(Task objective)
Search the records for the word "they". Copy every line where it appears.

Saved entries
(* Let $\mathbb{H}$ be a finite-dimensional complex Hilbert space and let $t\mapsto H(t)$ be a continuous family of self-adjoint operators on $\mathbb{H}$ with propagator $\{U(t,s)\}$ (unitaries with $U(t,t)=I$, $U(t,r)U(r,s)=U(t,s)$, $\mathrm{i}\frac{d}{dt}U(t,s)=H(t)U(t,s)$). Let $X_0=\sum_{j=1}^n\lambda_jE_j$ be self-adjoint with distinct eigenvalues $\lambda_j$ and spectral projections $E_j$, and suppose $T>0$ satisfies $U(0,T)E_jU(T,0)=E_j$ for all $j$. For each $j$ let $d_j=\dim E_j[\mathbb{H}]$, $\{\psi^{(j)}_k\}_{k=1}^{d_j}$ an orthonormal basis of $E_j[\mathbb{H}]$, $\psi^{(j)}_k(t)=U(0,t)\psi^{(j)}_k$, $\mathbb{H}_j(t)=U(0,t)E_jU(t,0)[\mathbb{H}]$, $C_j(t)=[\langle\psi^{(j)}_m,H(t)\psi^{(j)}_k\rangle]_{m,k}$, $\tilde V_j(t)=[\tilde v^{(j)}_{mk}(t)]$ the solution of $\mathrm{i}\frac{d}{dt}\tilde V_j=C_j\tilde V_j$, $\tilde V_j(0)=I_{d_j}$, $\tilde\psi^{(j)}_k(t)=\sum_m\tilde v^{(j)}_{mk}(t)\psi^{(j)}_m(t)$, and $G_j=[g^{(j)}_{mk}]_{m,k=1}^{d_j}$ with $g^{(j)}_{mk}=\langle\psi^{(j)}_m,\tilde\psi^{(j)}_k(T)\rangle$. Then for each $1\le j\le n$, $G_j$ is a $d_j\times d_j$ unitary matrix, and for any family $\{\bar\psi^{(j)}_k(t):1\le k\le d_j\}$, $t\in[0,T]$, such that for each $t$ it is an orthonormal basis of $\mathbb{H}_j(t)$, each $t\mapsto\bar\psi^{(j)}_k(t)$ is continuously differentiable on $[0,T]$, and $\bar\psi^{(j)}_k(T)=\bar\psi^{(j)}_k(0)=\psi^{(j)}_k$, one has $$G_j=I_{d_j}+\sum_{m=1}^\infty \mathrm{i}^m\int_0^T\int_0^{t_1}\cdots\int_0^{t_{m-1}}A_j(t_1)\cdots A_j(t_m)\,dt_m\cdots dt_1,$$ where $A_j(t)=[a^{(j)}_{mk}(t)]_{m,k=1}^{d_j}$ with $a^{(j)}_{mk}(t)=\mathrm{i}\langle\bar\psi^{(j)}_m(t),\frac{d}{dt}\bar\psi^{(j)}_k(t)\rangle$. In particular $G_j$ is independent of the Hamiltonian $H(t)$ and depends only on the loop of subspaces $[0,T]\ni t\mapsto\mathbb{H}_j(t)$.
   Context: Inner products are linear in the second argument. $G_j$ is called the $j$-th non-Abelian observable-geometric phase of the cyclic observable evolution $X(t)=U(0,t)X_0U(t,0)$. *)

theory Defs
  imports "HOL-Analysis.Analysis"
begin

text \<open>The finite-dimensional complex Hilbert space is modelled as complex^'n
  (with 'n a finite index type); operators on it are matrices complex^'n^'n.
  The inner product is conjugate-linear in the first and linear in the second argument.\<close>

definition cinner :: "complex^'n \<Rightarrow> complex^'n \<Rightarrow> complex" where
  "cinner x y = (\<Sum>i\<in>UNIV. cnj (x$i) * y$i)"

definition adj :: "complex^'n^'n \<Rightarrow> complex^'n^'n" where
  "adj A = (\<chi> i j. cnj (A$j$i))"

definition cmat_scale :: "complex \<Rightarrow> complex^'n^'n \<Rightarrow> complex^'n^'n" where
  "cmat_scale c A = (\<chi> i j. c * A$i$j)"

definition self_adjoint :: "complex^'n^'n \<Rightarrow> bool" where
  "self_adjoint A \<longleftrightarrow> adj A = A"

definition unitary_op :: "complex^'n^'n \<Rightarrow> bool" where
  "unitary_op U \<longleftrightarrow> adj U ** U = mat 1 \<and> U ** adj U = mat 1"

definition op_range :: "complex^'n^'n \<Rightarrow> (complex^'n) set" where
  "op_range M = range (\<lambda>x. M *v x)"

definition is_onb :: "nat \<Rightarrow> (nat \<Rightarrow> complex^'n) \<Rightarrow> (complex^'n) set \<Rightarrow> bool" where
  "is_onb d phi S \<longleftrightarrow>
     (\<forall>k<d. phi k \<in> S) \<and>
     (\<forall>m<d. \<forall>k<d. cinner (phi m) (phi k) = (if m = k then 1 else 0)) \<and>
     (\<forall>x\<in>S. \<exists>c. x = (\<Sum>k<d. c k *s phi k))"

text \<open>d x d complex matrices are represented as functions nat => nat => complex
  (only the entries with indices < d matter).\<close>

definition unitary_sq :: "nat \<Rightarrow> (nat \<Rightarrow> nat \<Rightarrow> complex) \<Rightarrow> bool" where
  "unitary_sq d G \<longleftrightarrow>
     (\<forall>m<d. \<forall>k<d. (\<Sum>l<d. cnj (G l m) * G l k) = (if m = k then 1 else 0)) \<and>
     (\<forall>m<d. \<forall>k<d. (\<Sum>l<d. G m l * cnj (G k l)) = (if m = k then 1 else 0))"

text \<open>Iterated (time-ordered) integrals:
  dyson_iter A d 0 t = I, and
  dyson_iter A d (Suc m) t = int_0^t A(t1) * dyson_iter A d m t1 dt1, so that
  dyson_iter A d m T = int_0^T int_0^{t1} ... int_0^{t_{m-1}} A(t1)...A(tm) dtm ... dt1.\<close>
fun dyson_iter :: "(real \<Rightarrow> nat \<Rightarrow> nat \<Rightarrow> complex) \<Rightarrow> nat \<Rightarrow> nat \<Rightarrow> real \<Rightarrow> nat \<Rightarrow> nat \<Rightarrow> complex" where
  "dyson_iter A d 0 t = (\<lambda>a b. if a = b then 1 else 0)"
| "dyson_iter A d (Suc m) t =
     (\<lambda>a b. integral {0..t} (\<lambda>t1. \<Sum>l<d. A t1 a l * dyson_iter A d m t1 l b))"

end

theory Submission
  imports Defs
begin

text \<open>The vectors \<open>\<psi>\<^sub>k(t)\<close> with a tilde are the parallel transport of the basis \<open>\<psi>\<^sub>k\<close> along the
  loop of subspaces \<open>\<bbbH>\<^sub>j(t)\<close>: because \<open>V\<^sub>j\<close> solves the Schroedinger equation compressed to
  \<open>E\<^sub>j\<close>, they stay orthonormal in \<open>\<bbbH>\<^sub>j(t)\<close> and their derivatives are orthogonal to \<open>\<bbbH>\<^sub>j(t)\<close>.
  By cyclicity they end up as an orthonormal basis of \<open>\<bbbH>\<^sub>j(T) = E\<^sub>j[\<bbbH>]\<close>, so \<open>G\<^sub>j\<close>, their
  coefficient matrix in the basis \<open>\<psi>\<^sub>k\<close>, is unitary. For any closed frame \<open>\<psi>\<^sub>k(t)\<close> with a bar,
  the overlap matrix \<open>W(t)\<close> of the frame with the transported basis satisfies \<open>W' = \<i> A\<^sub>j W\<close>,
  \<open>W(0) = I\<close> and \<open>W(T) = G\<^sub>j\<close>; hence \<open>G\<^sub>j\<close> is the time-ordered exponential of \<open>\<i> A\<^sub>j\<close>, i.e. the
  sum of its Dyson series, whose convergence follows from the Picard estimate \<open>(d L t)\<^sup>N / N!\<close>.\<close>

section \<open>Inner products, adjoints and orthonormal bases\<close>

lemma norm_vec_le_sum_norm_nth: "norm (x::'a::real_normed_vector^'n) \<le> (\<Sum>i\<in>UNIV. norm (x$i))"
  unfolding norm_vec_def by (rule L2_set_le_sum) auto

lemma bounded_bilinear_cinner: "bounded_bilinear (cinner :: complex^'n \<Rightarrow> complex^'n \<Rightarrow> complex)"
proof
  fix a a' b b' :: "complex^'n" and r :: real
  show "cinner (a + a') b = cinner a b + cinner a' b"
    by (simp add: cinner_def distrib_right sum.distrib)
  show "cinner a (b + b') = cinner a b + cinner a b'"
    by (simp add: cinner_def distrib_left sum.distrib)
  show "cinner (r *\<^sub>R a) b = r *\<^sub>R cinner a b"
    unfolding cinner_def vector_scaleR_component
    by (simp add: scaleR_conv_of_real sum_distrib_left mult.assoc)
  show "cinner a (r *\<^sub>R b) = r *\<^sub>R cinner a b"
    unfolding cinner_def vector_scaleR_component
    by (simp add: scaleR_conv_of_real sum_distrib_left algebra_simps)
next
  show "\<exists>K. \<forall>a b. norm (cinner (a::complex^'n) b) \<le> norm a * norm b * K"
  proof (intro exI allI)
    fix a b :: "complex^'n"
    have "norm (cinner a b) \<le> (\<Sum>i\<in>UNIV. norm (cnj (a$i) * b$i))"
      unfolding cinner_def by (rule norm_sum)
    also have "\<dots> \<le> (\<Sum>i\<in>(UNIV::'n set). norm a * norm b)"
      by (intro sum_mono) (simp add: norm_mult mult_mono Finite_Cartesian_Product.norm_nth_le)
    finally show "norm (cinner a b) \<le> norm a * norm b * real CARD('n)"
      by (simp add: mult_ac)
  qed
qed

lemma bounded_bilinear_matrix_vector_mult:
  "bounded_bilinear (\<lambda>(M::complex^'n^'n) (x::complex^'n). M *v x)"
proof
  fix M M' :: "complex^'n^'n" and x x' :: "complex^'n" and r :: real
  show "(M + M') *v x = M *v x + M' *v x"
    by (simp add: vec_eq_iff matrix_vector_mult_def distrib_right sum.distrib)
  show "M *v (x + x') = M *v x + M *v x'"
    by (simp add: vec_eq_iff matrix_vector_mult_def distrib_left sum.distrib)
  show "(r *\<^sub>R M) *v x = r *\<^sub>R (M *v x)"
    unfolding vec_eq_iff matrix_vector_mult_def vector_scaleR_component
    by (simp add: scaleR_conv_of_real sum_distrib_left mult.assoc)
  show "M *v (r *\<^sub>R x) = r *\<^sub>R (M *v x)"
    unfolding vec_eq_iff matrix_vector_mult_def vector_scaleR_component
    by (simp add: scaleR_conv_of_real sum_distrib_left algebra_simps)
next
  show "\<exists>K. \<forall>(M::complex^'n^'n) (x::complex^'n). norm (M *v x) \<le> norm M * norm x * K"
  proof (intro exI allI)
    fix M :: "complex^'n^'n" and x :: "complex^'n"
    have entry: "norm (M$i$j) \<le> norm M" for i j
      using Finite_Cartesian_Product.norm_nth_le[of "M$i" j] Finite_Cartesian_Product.norm_nth_le[of M i] by linarith
    have "norm (M *v x) \<le> (\<Sum>i\<in>UNIV. norm ((M *v x)$i))"
      by (rule norm_vec_le_sum_norm_nth)
    also have "\<dots> \<le> (\<Sum>i\<in>(UNIV::'n set). \<Sum>j\<in>(UNIV::'n set). norm (M$i$j * x$j))"
      unfolding matrix_vector_mult_def by (intro sum_mono) (simp add: norm_sum)
    also have "\<dots> \<le> (\<Sum>i\<in>(UNIV::'n set). \<Sum>j\<in>(UNIV::'n set). norm M * norm x)"
      by (intro sum_mono) (simp add: norm_mult mult_mono entry Finite_Cartesian_Product.norm_nth_le)
    finally show "norm (M *v x) \<le> norm M * norm x * (real CARD('n) * real CARD('n))"
      by (simp add: mult_ac)
  qed
qed

lemma bounded_bilinear_vector_scalar_mult:
  "bounded_bilinear (\<lambda>(c::complex) (x::complex^'n). c *s x)"
proof
  fix c c' :: complex and x x' :: "complex^'n" and r :: real
  show "(c + c') *s x = c *s x + c' *s x"
    by (rule vector_sadd_rdistrib)
  show "c *s (x + x') = c *s x + c *s x'"
    by (rule vector_add_ldistrib)
  show "(r *\<^sub>R c) *s x = r *\<^sub>R (c *s x)"
    unfolding vec_eq_iff vector_smult_component vector_scaleR_component
    by (simp add: scaleR_conv_of_real)
  show "c *s (r *\<^sub>R x) = r *\<^sub>R (c *s x)"
    unfolding vec_eq_iff vector_smult_component vector_scaleR_component
    by (simp add: scaleR_conv_of_real algebra_simps)
next
  show "\<exists>K. \<forall>(c::complex) (x::complex^'n). norm (c *s x) \<le> norm c * norm x * K"
  proof (intro exI allI)
    fix c :: complex and x :: "complex^'n"
    have "norm (c *s x) \<le> (\<Sum>i\<in>UNIV. norm (c * x$i))"
      using norm_vec_le_sum_norm_nth[of "c *s x"] by simp
    also have "\<dots> \<le> (\<Sum>i\<in>(UNIV::'n set). norm c * norm x)"
      by (intro sum_mono) (simp add: norm_mult mult_left_mono Finite_Cartesian_Product.norm_nth_le)
    finally show "norm (c *s x) \<le> norm c * norm x * real CARD('n)"
      by (simp add: mult_ac)
  qed
qed

lemmas cinner_sum_right = bounded_bilinear.sum_right[OF bounded_bilinear_cinner]
lemmas cinner_add_left = bounded_bilinear.add_left[OF bounded_bilinear_cinner]
lemmas cinner_minus_left [simp] = bounded_bilinear.minus_left[OF bounded_bilinear_cinner]
lemmas cinner_minus_right [simp] = bounded_bilinear.minus_right[OF bounded_bilinear_cinner]
lemmas matrix_vector_mult_sum_right = bounded_bilinear.sum_right[OF bounded_bilinear_matrix_vector_mult]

(Expected answer)
  \<open>E\<^sub>j\<close>, they stay orthonormal in \<open>\<bbbH>\<^sub>j(t)\<close> and their derivatives are orthogonal to \<open>\<bbbH>\<^sub>j(t)\<close>.
  By cyclicity they end up as an orthonormal basis of \<open>\<bbbH>\<^sub>j(T) = E\<^sub>j[\<bbbH>]\<close>, so \<open>G\<^sub>j\<close>, their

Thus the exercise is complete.